───── DATASET ENTRIES ─────
(* Let $x=(x_0x_1)^{-1}$ and $y=x_2xx_2^{-1}$. For every integer $n\ge1$, $x^n$ has one of the forms $M_0([28,235,129],[29,211,263],\dots)$, $M_0([28,235,129],[46,138,451],\dots)$, $M_{2^r-1}([51,89,196],[0,0,0],\dots)$ for some odd $r\ge1$, or $M_{2^r-1}([28,235,129],[0,0,0],\dots)$ for some even $r\ge2$; and for every $n\ge1$, $y^n$ has one of the forms $M_0([28,235,129],[58,3,445],\dots)$, $M_0([28,235,129],[9,90,377],\dots)$, $M_{2^r-1}([51,89,196],[0,157,106],\dots)$ for some odd $r\ge1$, or $M_{2^r-1}([28,235,129],[39,208,186],\dots)$ for some even $r\ge2$.
   Context: Consider infinite upper unitriangular block matrices $X=(X_{r,s})_{r,s\ge1}$ whose entries are $3\times3$ matrices over $\mathbb F_2$, with $X_{r,r}=I$, $X_{r,s}=0$ for $s<r$, and whose upper diagonals are $3$-periodic: for each $j\ge1$ there are $a_{j1},a_{j2},a_{j3}\in M(3,\mathbb F_2)$ with $X_{r,r+j}=a_{j,i}$, where $i\in\{1,2,3\}$, $i\equiv r\pmod 3$; $a_j=[a_{j1},a_{j2},a_{j3}]$ is the $j$-th upper diagonal. For $l\ge0$, $M_l(c_1,c_2,\dots)$ denotes such a matrix whose first $l$ upper diagonals are zero and whose $(l+1)$-st, $(l+2)$-nd, $\dots$ upper diagonals are $c_1,c_2,\dots$; diagonals hidden in "$\dots$" are unspecified, while a matrix written $M_0(c_1,\dots,c_m)$ without dots has all further diagonals zero. A matrix $u=(u_{pq})\in M(3,\mathbb F_2)$ is encoded by the integer $256u_{11}+128u_{12}+64u_{13}+32u_{21}+16u_{22}+8u_{23}+4u_{31}+2u_{32}+u_{33}$, and a diagonal by the triple of integers of its three blocks. The elements are $x_0=M_0([11,11,11],[17,17,17],[26,26,26],[11,11,0],[17,0,0])$, $x_1=M_0([23,224,138],[59,136,495],[26,488,227],[23,224,0],[59,0,0])$, $x_2=M_0([46,68,217],[12,194,363],[26,326,77],[46,68,0],[12,0,0])$. *)

theory Defs
  imports "HOL-Analysis.Analysis" "HOL-Library.Z2"
begin
(* Suppose that for each cell $I_i$ there is a quadrature rule $Q_i^k(v)=\sum_{j=0}^{k+1}A_{i,j}v(x_{i,j})$ on the subdivision points satisfying (1) $\int_{I_i}v\,dx=Q_i^k(v)$ for all $v\in\mathbb P^{2k-1}(I_i)$ and (2) $\frac{h_i}{2k-1}-Q_i^k(L_{i,k+1}L_{i,k-1})>0$. Then such quadrature rules can be chosen with $A_{i,0}=0$ for all $i$ (the upwind condition) if and only if, in each $I_i$, the subdivision points $x_{i,1},\dots,x_{i,k}$ are the $k$ distinct zeros of $$p_i^k=L_{i,k}+\frac{c}{k(1-c)}\,(x-x_{i-\frac12})\,L_{i,k}'$$ for some constant $c<1$.
   Context: $I_i=[x_{i-\frac12},x_{i+\frac12}]$ are the cells of a partition of an interval, $h_i=x_{i+\frac12}-x_{i-\frac12}$, $k\ge1$. Each $I_i$ has subdivision points $x_{i-\frac12}=x_{i,0}<x_{i,1}<\dots<x_{i,k}<x_{i,k+1}=x_{i+\frac12}$. $L_{i,\ell}$ denotes the shifted Legendre polynomial of degree $\ell$ on $I_i$ (the Legendre polynomial $P_\ell$ composed with the affine map of $I_i$ onto $[-1,1]$), so $L_{i,\ell}(x_{i+\frac12})=1$, $L_{i,\ell}(x_{i-\frac12})=(-1)^\ell$ and $\int_{I_i}L_{i,\ell}L_{i,m}\,dx=\delta_{\ell m}h_i/(2\ell+1)$; $L_{i,k}'$ is its derivative. *)

theory Defs
  imports "HOL-Analysis.Analysis" "HOL-Computational_Algebra.Polynomial"
begin

fun legendre :: "nat \<Rightarrow> real \<Rightarrow> real" where
  "legendre 0 t = 1"
| "legendre (Suc 0) t = t"
| "legendre (Suc (Suc n)) t =
     ((2 * real n + 3) * t * legendre (Suc n) t - (real n + 1) * legendre n t) / (real n + 2)"

definition shifted_legendre :: "real \<Rightarrow> real \<Rightarrow> nat \<Rightarrow> real \<Rightarrow> real" where
  "shifted_legendre a b l x = legendre l ((2 * x - a - b) / (b - a))"

definition quad :: "nat \<Rightarrow> (nat \<Rightarrow> real) \<Rightarrow> (nat \<Rightarrow> real) \<Rightarrow> (real \<Rightarrow> real) \<Rightarrow> real" where
  "quad k xs A v = (\<Sum>j = 0..k+1. A j * v (xs j))"

definition admissible_rule :: "real \<Rightarrow> real \<Rightarrow> (nat \<Rightarrow> real) \<Rightarrow> nat \<Rightarrow> (nat \<Rightarrow> real) \<Rightarrow> bool" where
  "admissible_rule a b xs k A \<longleftrightarrow>
     (\<forall>p :: real poly. degree p \<le> 2 * k - 1 \<longrightarrow>
        integral {a..b} (poly p) = quad k xs A (poly p))
   \<and> (b - a) / (2 * real k - 1)
       - quad k xs A (\<lambda>y. shifted_legendre a b (k + 1) y * shifted_legendre a b (k - 1) y) > 0"

definition p_poly :: "real \<Rightarrow> real \<Rightarrow> nat \<Rightarrow> real \<Rightarrow> real \<Rightarrow> real" where
  "p_poly a b k c y = shifted_legendre a b k y
     + c / (real k * (1 - c)) * (y - a) * deriv (shifted_legendre a b k) y"

end

theory Submission
  imports Defs
begin

text \<open>
  If A_0 = 0, the rule is a quadrature on the k + 1 nodes x_1, ..., x_k, x_{k+1} = b, and
  exactness on P^{2k-1} holds iff the nodal polynomial w = (x - x_1) ... (x - x_{k+1}) is
  orthogonal to P^{k-2}, i.e. w = C_{k+1} L_{k+1} + C_k L_k + C_{k-1} L_{k-1}; the weights are
  then the integrals of the Lagrange basis polynomials. Since L_j(b) = 1, w(b) = 0 forces
  C_{k+1} + C_k + C_{k-1} = 0, a one-parameter family, and the Legendre recurrence together with
  (t^2 - 1) P_k' = k (t P_k - P_{k-1}) shows that its members are exactly the multiples of
  (x - b) p^k. At the nodes L_{k+1} L_{k-1} agrees with a polynomial of degree 2k - 1, which gives
  h/(2k-1) - Q(L_{k+1} L_{k-1}) = h/(2k-1) (2k+1)(1-c)/(k+1); so condition (2) says c < 1.
\<close>

section \<open>Integrals of polynomials\<close>

definition poly_integral :: "real \<Rightarrow> real \<Rightarrow> real poly \<Rightarrow> real" where
  "poly_integral a b p = integral {a..b} (poly p)"

lemma poly_integrable_on: "poly (p :: real poly) integrable_on {a..b}"
  using continuous_on_poly[OF continuous_on_id] by (rule integrable_continuous_interval)

lemma poly_integral_add [simp]:
  "poly_integral a b (p + q) = poly_integral a b p + poly_integral a b q"
  unfolding poly_integral_def poly_add[abs_def] by (intro integral_add poly_integrable_on)

lemma poly_integral_diff [simp]:
  "poly_integral a b (p - q) = poly_integral a b p - poly_integral a b q"
  unfolding poly_integral_def poly_diff[abs_def] by (intro integral_diff poly_integrable_on)

lemma poly_integral_smult [simp]: "poly_integral a b (smult c p) = c * poly_integral a b p"
  unfolding poly_integral_def poly_smult[abs_def] by simp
─────
* _WHAT YOU HAVE TO DO_
Of the lines above, extract only those from the line with "p = integral" to the line with "(smult c p)", both included, exactly as written.

* _FINAL ANSWER_
  "poly_integral a b p = integral {a..b} (poly p)"

lemma poly_integrable_on: "poly (p :: real poly) integrable_on {a..b}"
  using continuous_on_poly[OF continuous_on_id] by (rule integrable_continuous_interval)

lemma poly_integral_add [simp]:
  "poly_integral a b (p + q) = poly_integral a b p + poly_integral a b q"
  unfolding poly_integral_def poly_add[abs_def] by (intro integral_add poly_integrable_on)

lemma poly_integral_diff [simp]:
  "poly_integral a b (p - q) = poly_integral a b p - poly_integral a b q"
  unfolding poly_integral_def poly_diff[abs_def] by (intro integral_diff poly_integrable_on)

lemma poly_integral_smult [simp]: "poly_integral a b (smult c p) = c * poly_integral a b p"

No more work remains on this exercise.